Astronomers Identify Another Crucial Aspect for Planets to Support Life

WRITTEN BY: Annie Lennon

For some time now, we have known of the 'Goldilocks zone'- a distance from the sun that leads to planets neither being too hot nor too cold for liquid water to be present and support life. But now, astronomers have found another vital ingredient for planets to host life. 

According to new research, that ingredient is the 'Goldilocks star'- a star that is 'just right'. And it makes sense. Some stars, after all, such as the red M-type dwarves, while having a good temperature, have a Goldilocks zone so close to their surface that any planets there are at risk of being frazzled by violent flares. Another example of stars unlikely to support 'living' planets are blazingly large, highly-radiating, and short-lived blue OB stars. 

Interestingly enough, though, our sun is also not a Goldilocks star. It is instead a G-type main-sequence star, sitting in between the red M-type dwarf stars and the OB variety. So what is a Goldilocks star? 
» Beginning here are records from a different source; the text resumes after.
lemma psum_pair_term_ge2:
  assumes "2 \<le> r"
  shows "psum_pair_term p0 r g
    = sfadd (psum_pair_term 0 r g) (sfscale (2 * p0) (sfmult (psum 0 (r - 1)) g))"
proof (rule ext)
  fix N
  define F where "F q m = sfmult (sfadd (sfmult (psum q (r - 1 - m)) (psum q m))
      (sfscale (-1) (psum q (r - 1)))) g N" for q :: 'a and m
  have split: "psum_pair_term q r g N = F q 0 + F q (r - 1) + (\<Sum>m\<in>{1..<r-1}. F q m)" for q
  proof -
    have "{0..<r} = insert 0 (insert (r - 1) {1..<r-1})" using assms by auto
    then show ?thesis using assms by (simp add: psum_pair_term_def sfsum_def F_def algebra_simps)
  qed
  have inner: "(\<Sum>m\<in>{1..<r-1}. F p0 m) = (\<Sum>m\<in>{1..<r-1}. F 0 m)"
    by (intro sum.cong) (auto simp: F_def psum_def)
  have top: "psum q (r - 1) = psum 0 (r - 1)" for q :: 'a
    using assms by (intro psum_pos_indep) simp
  have ends: "F q 0 = (q - 1) * sfmult (psum 0 (r - 1)) g N"
    "F q (r - 1) = (q - 1) * sfmult (psum 0 (r - 1)) g N" for q
    using assms top[of q]
    by (simp_all add: F_def sfmult_sfadd_left sfmult_sfscale_left sfmult_psum_0_left
        sfmult_psum_0_right) (simp_all add: sfadd_def sfscale_def algebra_simps)
  show "psum_pair_term p0 r g N
      = sfadd (psum_pair_term 0 r g) (sfscale (2 * p0) (sfmult (psum 0 (r - 1)) g)) N"
    unfolding sfadd_def sfscale_def split[of p0] split[of 0] inner ends by (simp add: algebra_simps)
qed

definition first_order_term :: "'k::field \<Rightarrow> 'k \<Rightarrow> 'k \<Rightarrow> nat \<Rightarrow> 'k sf \<Rightarrow> 'k sf" where
  "first_order_term alpha p0 a r g =
     sfadd (sfscale (1 / alpha) (psum_pair_term p0 r g))
       (sfscale (a + 1) (sfmult (psum p0 (r - 1)) g))"

definition lag_invariants :: "'k::field \<Rightarrow> 'k \<Rightarrow> 'k \<Rightarrow> 'k \<times> 'k" where
  "lag_invariants alpha p0 a =
     ((p0 * p0 - p0) / alpha + (a + 1) * p0, 2 * (p0 - 1) / alpha + (a + 1))"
According to scientists at Villanova University, the best stars for hosting life are known as K-type stars- orange stars a little cooler than our sun and a little warmer than a red dwarf. 

For decades, these scientiets studied the impact of X-ray and ultraviolet radiation on the habitability of planets surrounding F to G type stars and M-type red dwarves. And they recently expanded their research to include data on K-type stars too. 

While the habitable zone of K-stars is smaller, they are much more common than G-type stars (there are around 1000 of them within 100 light-years of our Solar System), and they have longer main sequence times. For example, while the main-sequence lifetime of our sun is around 10 billion years, K types have lifetimes ranging between 25 and 80 billion years, offering a much larger window for life to emerge. 

And so far, K-type stars have shown to host Goldilocks planets. Kepler-442, for example, a K5 star, hosts one of the most promising Goldilocks planets in our search for extraterrestrial life, a rocky planet over twice the mass of Earth known as Kepler-442b. 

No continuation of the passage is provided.